Velázquez has placed Arachne in the dead centre of the composition, at the very moment that she has unveiled her work of art – a tapestry – for public display. In fact Minerva, the Roman goddess of wisdom, is the person for whom the tapestry has been created. In Ovid’s telling of the story Minerva had been affronted by Arachne’s incredible skill as a weaver, which the goddess thought outshined her own talents. A mortal getting the better of a god was a complete taboo. Arachne was challenged to a weaving competition so that the goddess could assert her superiority. However Arachne chose to depict a scene that was guaranteed to enrage the goddess – the lechery of Minerva’s own father, Zeus. In Velázquez’s painting we are shown the terrible moment just before Minerva gets revenge by turning Arachne into a spider.

The last frame that we can see is that of the tapestry itself. We can vaguely make out the scene it depicts – lustful Zeus, in the form of a bull, abducting the mortal Europa. This is the most surprising of Velázquez’s choices in this painting, because the tapestry is a copy of a painting by Titian, which is now in Boston, in the Isabella Stewart Gardner Museum. It is like a large quote in the dead centre of the painting to announce the most inspirational figure in Velázquez’s own creative universe. Is it also a big compliment to Titian, comparing his skill to the superhuman abilities of Arachne? Or does it brandish the status of every artist? As that later Spanish master Picasso would say art is a lie, but a lie that tells the truth – and in the case of Arachne, a truth that can shake the gods.

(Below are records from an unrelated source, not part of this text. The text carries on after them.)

theorem lemma1:
  shows "\<exists>(p :: com) (c :: nat). \<forall>\<Phi>.
    sentence \<Phi> \<and> prenex \<Phi> \<and> (\<forall>k \<in> fconsts \<Phi>. canonical k) \<longrightarrow>
    (\<exists>\<Phi>' t. run p (enc_fm \<Phi>) t (enc_fm \<Phi>') \<and>
       t \<le> c * (fsize \<Phi>)\<^sup>2 + c \<and>
       sentence \<Phi>' \<and> prenex \<Phi>' \<and>
       fconsts \<Phi>' \<subseteq> {Leaf True, Leaf False} \<and>
       alternations \<Phi>' = alternations \<Phi> \<and>
       (models_B \<Phi> \<longleftrightarrow> models_B \<Phi>') \<and>
       fsize \<Phi>' \<le> c * (fsize \<Phi>)\<^sup>2 + c)"
proof (intro exI[of _ translator] exI[of _ "time_const + 420"] allI impI)
  fix \<Phi> assume "sentence \<Phi> \<and> prenex \<Phi> \<and> (\<forall>k \<in> fconsts \<Phi>. canonical k)"
  then have sen: "sentence \<Phi>" and pr: "prenex \<Phi>" and const_can: "\<forall>k \<in> fconsts \<Phi>. canonical k"
    by auto
  obtain t where run: "run translator (enc_fm \<Phi>) t (enc_fm (translate \<Phi>))" and "t \<le> time_bound \<Phi>"
    using run_translator[OF pr] by blast
  moreover have "time_const * fsize \<Phi> \<le> time_const * (fsize \<Phi>)\<^sup>2"
    unfolding power2_eq_square by (intro mult_le_mono2 le_square)
  ultimately have "t \<le> (time_const + 420) * (fsize \<Phi>)\<^sup>2 + (time_const + 420)"
    using time_bound_linear[of \<Phi>] unfolding distrib_right by linarith
  moreover have "fsize (translate \<Phi>) \<le> (time_const + 420) * (fsize \<Phi>)\<^sup>2 + (time_const + 420)"
    using fsize_translate[OF pr] by (simp add: algebra_simps)
  ultimately show "\<exists>\<Phi>' t. run translator (enc_fm \<Phi>) t (enc_fm \<Phi>') \<and>
       t \<le> (time_const + 420) * (fsize \<Phi>)\<^sup>2 + (time_const + 420) \<and>
       sentence \<Phi>' \<and> prenex \<Phi>' \<and> fconsts \<Phi>' \<subseteq> {Leaf True, Leaf False} \<and>
       alternations \<Phi>' = alternations \<Phi> \<and> (models_B \<Phi> \<longleftrightarrow> models_B \<Phi>') \<and>
       fsize \<Phi>' \<le> (time_const + 420) * (fsize \<Phi>)\<^sup>2 + (time_const + 420)"
    using run sentence_translate[OF sen pr] prenex_translate[OF pr] fconsts_translate[OF pr]
      alternations_translate[OF pr] models_B_translate[OF sen pr const_can] by blast
qed
definition qp_frac :: "(int \<Rightarrow> nat) \<Rightarrow> (int \<Rightarrow> nat)" where
  "qp_frac x = (\<lambda>j. if j < 0 then x j else 0)"

definition Ip :: "nat \<Rightarrow> (int \<Rightarrow> nat) set" where
  "Ip p = {a \<in> qp p. qp_frac a = a}"

definition qp_ball :: "nat \<Rightarrow> int \<Rightarrow> (int \<Rightarrow> nat) \<Rightarrow> (int \<Rightarrow> nat) set" where
  "qp_ball p g a = {x \<in> qp p. qp_norm p (qp_diff p x a) \<le> real p powr real_of_int g}"

definition qp_space :: "nat \<Rightarrow> (int \<Rightarrow> nat) measure" where
  "qp_space p = sigma (qp p) {qp_ball p g a | g a. a \<in> qp p}"

text \<open>Haar measure on Q_p (normalised by mu(Z_p) = 1), obtained as the image of Lebesgue
  measure on [0,inf) under the inverse Monna map t |-> (digit j = floor(t p^(j+1)) mod p).\<close>
definition qp_of_real :: "nat \<Rightarrow> real \<Rightarrow> (int \<Rightarrow> nat)" where
  "qp_of_real p t = (\<lambda>j. nat (\<lfloor>t * real p powi (j+1)\<rfloor> mod int p))"

definition haar :: "nat \<Rightarrow> (int \<Rightarrow> nat) measure" where
  "haar p = distr (restrict_space lborel {0..}) (qp_space p) (qp_of_real p)"

definition qp_L2 :: "nat \<Rightarrow> ((int \<Rightarrow> nat) \<Rightarrow> complex) \<Rightarrow> bool" where
  "qp_L2 p f \<longleftrightarrow> f \<in> borel_measurable (haar p) \<and> integrable (haar p) (\<lambda>x. (cmod (f x))\<^sup>2)"

text \<open>Refinable: phi lies in the L^2-closure of span{phi(p^{-1}x - a) : a in I_p}.\<close>
definition refinable :: "nat \<Rightarrow> ((int \<Rightarrow> nat) \<Rightarrow> complex) \<Rightarrow> bool" where
  "refinable p f \<longleftrightarrow> qp_L2 p f \<and>
     (\<forall>e>0. \<exists>F c. finite F \<and> F \<subseteq> Ip p \<and>
        (\<integral>\<^sup>+ x. ennreal ((cmod (f x - (\<Sum>a\<in>F. c a * f (qp_diff p (qp_divp p x) a))))\<^sup>2) \<partial>haar p)
          < ennreal e)"

end

theory Submission
  imports Defs
begin

text \<open>Let \<open>S = B\<^sub>N(0)\<close>. If \<open>x \<in> S\<close> and \<open>x/p - a \<in> S\<close> with \<open>a \<in> I\<^sub>p\<close>, then
  \<open>|a|\<^sub>p \<le> p^(N+1)\<close>, so \<open>a = k/p^(N+1)\<close> with \<open>k < p^(N+1)\<close>; and if \<open>x \<notin> S\<close>, none of the points
  \<open>x/p - k/p^(N+1)\<close> lies in \<open>S\<close>. As \<open>\<phi>\<close> vanishes off \<open>S\<close>, multiplying the
  approximate refinement equations by \<open>1\<^sub>S\<close> gives arbitrarily good approximations of
  \<open>1\<^sub>S \<phi>\<close> by combinations of the finitely many functions \<open>1\<^sub>S \<phi>(x/p - k/p^(N+1))\<close>.
  A finite-dimensional subspace of \<open>L\<^sup>2\<close> is closed, so \<open>1\<^sub>S \<phi>\<close> lies in their span, which is
  the claimed equation on \<open>S\<close>; off \<open>S\<close> both sides vanish. Throughout, the map
  \<open>x \<mapsto> x/p - a\<close> sends Haar measure to \<open>1/p\<close> times itself (checked on balls, whose
  measure is computed through the Monna map), so it preserves square integrability and null sets.\<close>

section \<open>Approximation by finite spans in \<open>L\<^sup>2\<close>\<close>

definition L2_sq :: "'a measure \<Rightarrow> ('a \<Rightarrow> complex) \<Rightarrow> ennreal" where
  "L2_sq M f = (\<integral>\<^sup>+ x. ennreal ((cmod (f x))\<^sup>2) \<partial>M)"

definition approx_by_span :: "'a measure \<Rightarrow> (nat \<Rightarrow> 'a \<Rightarrow> complex) \<Rightarrow> nat \<Rightarrow> ('a \<Rightarrow> complex) \<Rightarrow> bool" where
  "approx_by_span M g n f \<longleftrightarrow> (\<forall>e>0. \<exists>c. L2_sq M (\<lambda>x. f x - (\<Sum>i<n. c i * g i x)) < ennreal e)"

lemma cmod_add_sq_le: "(cmod (a + b))\<^sup>2 \<le> 2 * (cmod a)\<^sup>2 + 2 * (cmod b)\<^sup>2"
proof -
  have "(cmod (a+b))\<^sup>2 \<le> (cmod a + cmod b)\<^sup>2" by (simp add: norm_triangle_ineq power_mono)
  also have "\<dots> \<le> 2 * (cmod a)\<^sup>2 + 2 * (cmod b)\<^sup>2"
    by (smt (verit, best) sum_squares_bound power2_sum)
  finally show ?thesis .
qed

lemma L2_sq_add_le:
  assumes "f \<in> borel_measurable M" "g \<in> borel_measurable M"
  shows "L2_sq M (\<lambda>x. f x + g x) \<le> 2 * L2_sq M f + 2 * L2_sq M g"
proof -
  have "L2_sq M (\<lambda>x. f x + g x)
      \<le> (\<integral>\<^sup>+ x. 2 * ennreal ((cmod (f x))\<^sup>2) + 2 * ennreal ((cmod (g x))\<^sup>2) \<partial>M)"
    unfolding L2_sq_def
  proof (rule nn_integral_mono)
    fix x
    have "ennreal ((cmod (f x + g x))\<^sup>2) \<le> ennreal (2 * (cmod (f x))\<^sup>2 + 2 * (cmod (g x))\<^sup>2)"
      by (intro ennreal_leI cmod_add_sq_le)
    thus "ennreal ((cmod (f x + g x))\<^sup>2) \<le> 2 * ennreal ((cmod (f x))\<^sup>2)
        + 2 * ennreal ((cmod (g x))\<^sup>2)"
      by (simp add: ennreal_plus ennreal_mult)
  qed
  also have "\<dots> = 2 * L2_sq M f + 2 * L2_sq M g"
    unfolding L2_sq_def using assms by (subst nn_integral_add) (auto simp: nn_integral_cmult)
  finally show ?thesis .
qed

lemma L2_sq_cmult:
  assumes "f \<in> borel_measurable M"
  shows "L2_sq M (\<lambda>x. c * f x) = ennreal ((cmod c)\<^sup>2) * L2_sq M f"
  unfolding L2_sq_def using assms
  by (subst nn_integral_cmult[symmetric]) (auto simp: norm_mult power_mult_distrib ennreal_mult)

lemma L2_sq_uminus: "L2_sq M (\<lambda>x. - f x) = L2_sq M f"
  unfolding L2_sq_def by simp

lemma L2_sq_indicator_le: "L2_sq M (\<lambda>x. indicator S x * f x) \<le> L2_sq M f"
  unfolding L2_sq_def by (intro nn_integral_mono ennreal_leI) (auto simp: indicator_def)

lemma ennreal_eq_0_if_less_all_pos:
  assumes "\<forall>e>0. (x::ennreal) < ennreal e" shows "x = 0"
proof -
  have "x \<le> 0 + ennreal e" if "0 < e" for e using assms that by (simp add: less_imp_le)
  hence "x \<le> 0" by (rule ennreal_le_epsilon) auto
  thus ?thesis by simp
qed

lemma ennreal_double_add_less:
  assumes "X < ennreal a" "Y \<le> ennreal a" "0 \<le> a"
  shows "2 * X + 2 * Y < ennreal (4 * a)"
proof -
  obtain x where x: "X = ennreal x" "0 \<le> x" "x < a"
    using assms(1) by (cases X) (auto simp: ennreal_less_iff)
  obtain y where y: "Y = ennreal y" "0 \<le> y" "y \<le> a"
    using assms(2,3) by (cases Y) (auto simp: ennreal_le_iff top_unique)
  have "2 * X + 2 * Y = ennreal (2*x + 2*y)" using x y by (simp add: ennreal_plus ennreal_mult)
  also have "\<dots> < ennreal (4*a)" using x y by (subst ennreal_less_iff) auto
  finally show ?thesis .
qed

lemma borel_measurable_span_sum:
  fixes g :: "nat \<Rightarrow> 'a \<Rightarrow> complex"
  shows "\<forall>i<n. g i \<in> borel_measurable M \<Longrightarrow> (\<lambda>x. \<Sum>i<n. c i * g i x) \<in> borel_measurable M"
  by (intro borel_measurable_sum) (auto intro!: borel_measurable_times)

lemma approx_by_span_drop_dependent:
  assumes fm: "f \<in> borel_measurable M" and gm: "\<forall>i\<le>n. g i \<in> borel_measurable M"
    and dep: "L2_sq M (\<lambda>x. g n x - (\<Sum>i<n. c' i * g i x)) = 0"
    and approx: "approx_by_span M g (Suc n) f"
  shows "approx_by_span M g n f"
  unfolding approx_by_span_def
proof (intro allI impI)
  fix e :: real assume e: "e > 0"
  obtain c where c: "L2_sq M (\<lambda>x. f x - (\<Sum>i<Suc n. c i * g i x)) < ennreal (e/4)"
    using approx e unfolding approx_by_span_def by (meson divide_pos_pos zero_less_numeral)
  define d where "d = (\<lambda>i. c i + c n * c' i)"
  have eq: "f x - (\<Sum>i<n. d i * g i x)
      = (f x - (\<Sum>i<Suc n. c i * g i x)) + c n * (g n x - (\<Sum>i<n. c' i * g i x))" for x
    unfolding d_def sum.lessThan_Suc by (simp add: sum.distrib algebra_simps sum_distrib_left)
  have m1: "(\<lambda>x. f x - (\<Sum>i<Suc n. c i * g i x)) \<in> borel_measurable M"
    using fm borel_measurable_span_sum[of "Suc n" g M c] gm by (auto simp: less_Suc_eq_le)
  have m2: "(\<lambda>x. g n x - (\<Sum>i<n. c' i * g i x)) \<in> borel_measurable M"
    using borel_measurable_span_sum[of n g M c'] gm by auto
  have "L2_sq M (\<lambda>x. f x - (\<Sum>i<n. d i * g i x))
      \<le> 2 * L2_sq M (\<lambda>x. f x - (\<Sum>i<Suc n. c i * g i x))
        + 2 * L2_sq M (\<lambda>x. c n * (g n x - (\<Sum>i<n. c' i * g i x)))"
    unfolding eq using m1 m2 by (intro L2_sq_add_le) auto
  also have "\<dots> = 2 * L2_sq M (\<lambda>x. f x - (\<Sum>i<Suc n. c i * g i x)) + 2 * 0"
    using L2_sq_cmult[OF m2, of "c n"] dep by simp
  also have "\<dots> < ennreal (4 * (e/4))"
    by (rule ennreal_double_add_less[OF c]) (use e in auto)
  finally show "\<exists>d. L2_sq M (\<lambda>x. f x - (\<Sum>i<n. d i * g i x)) < ennreal e" by auto
qed

lemma approx_top_coeff_bounded:
  assumes fm: "f \<in> borel_measurable M" and fN: "L2_sq M f < \<infinity>"
    and gm: "\<forall>i\<le>n. g i \<in> borel_measurable M"
    and e0: "e0 > 0" "\<And>c'. ennreal e0 \<le> L2_sq M (\<lambda>x. g n x - (\<Sum>i<n. c' i * g i x))"
  obtains B where "\<And>c. L2_sq M (\<lambda>x. f x - (\<Sum>i<Suc n. c i * g i x)) < 1 \<Longrightarrow> cmod (c n) \<le> B"
proof -
  define B where "B = enn2real (2 * L2_sq M f + 2)"
  have Bfin: "2 * L2_sq M f + 2 = ennreal B" using fN unfolding B_def
    by (simp add: ennreal_mult_less_top ennreal_enn2real_if ennreal_mult_eq_top_iff)
  have "(cmod (c n))\<^sup>2 * e0 \<le> B" if c: "L2_sq M (\<lambda>x. f x - (\<Sum>i<Suc n. c i * g i x)) < 1" for c
  proof (cases "c n = 0")
    case True then show ?thesis by (simp add: B_def)
  next
    case False
    define c' where "c' = (\<lambda>i. - c i / c n)"
    have eq: "(\<Sum>i<Suc n. c i * g i x) = c n * (g n x - (\<Sum>i<n. c' i * g i x))" for x
      unfolding sum.lessThan_Suc c'_def using False
      by (simp add: algebra_simps sum_distrib_left sum_subtractf sum_negf)
    have m2: "(\<lambda>x. g n x - (\<Sum>i<n. c' i * g i x)) \<in> borel_measurable M"
      using borel_measurable_span_sum[of n g M c'] gm by auto
    have m1: "(\<lambda>x. f x - (\<Sum>i<Suc n. c i * g i x)) \<in> borel_measurable M"
      using fm borel_measurable_span_sum[of "Suc n" g M c] gm by (auto simp: less_Suc_eq_le)
    have "ennreal ((cmod (c n))\<^sup>2) * ennreal e0 \<le> L2_sq M (\<lambda>x. \<Sum>i<Suc n. c i * g i x)"
      unfolding eq L2_sq_cmult[OF m2] by (intro mult_left_mono e0) auto
    also have "\<dots> = L2_sq M (\<lambda>x. f x + - (f x - (\<Sum>i<Suc n. c i * g i x)))" by simp
    also have "\<dots> \<le> 2 * L2_sq M f + 2 * L2_sq M (\<lambda>x. - (f x - (\<Sum>i<Suc n. c i * g i x)))"
      by (rule L2_sq_add_le[OF fm borel_measurable_uminus[OF m1]])
    also have "\<dots> \<le> 2 * L2_sq M f + 2 * 1"
      using c unfolding L2_sq_uminus by (intro add_left_mono mult_left_mono) auto
    also have "\<dots> = ennreal B" using Bfin by simp
    finally have "ennreal ((cmod (c n))\<^sup>2 * e0) \<le> ennreal B" using e0 by (simp add: ennreal_mult)
    thus ?thesis by (simp add: ennreal_le_iff B_def)
  qed
  hence "cmod (c n) \<le> sqrt (B / e0)"
    if "L2_sq M (\<lambda>x. f x - (\<Sum>i<Suc n. c i * g i x)) < 1" for c
    using that e0 by (simp add: pos_le_divide_eq real_le_rsqrt)
  thus ?thesis using that by blast
qed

Once we have retreated backwards out of the chambers created in this painting, we can see how the framing idea works. They bring us step-by-step out of the real world, firstly into the prosaic-seeming realm of production (which may be mistaken for the real-life Royal Tapestry Factory of Santa Isabel) into the more elevated and cerebral realm of mythology and the greatest attainment of ‘high’ art – to reach an intellectual status that rivals poetry.


… or maybe that is just another convenient way to tie up loose ends, create some kind of conclusion, and draw the story to close.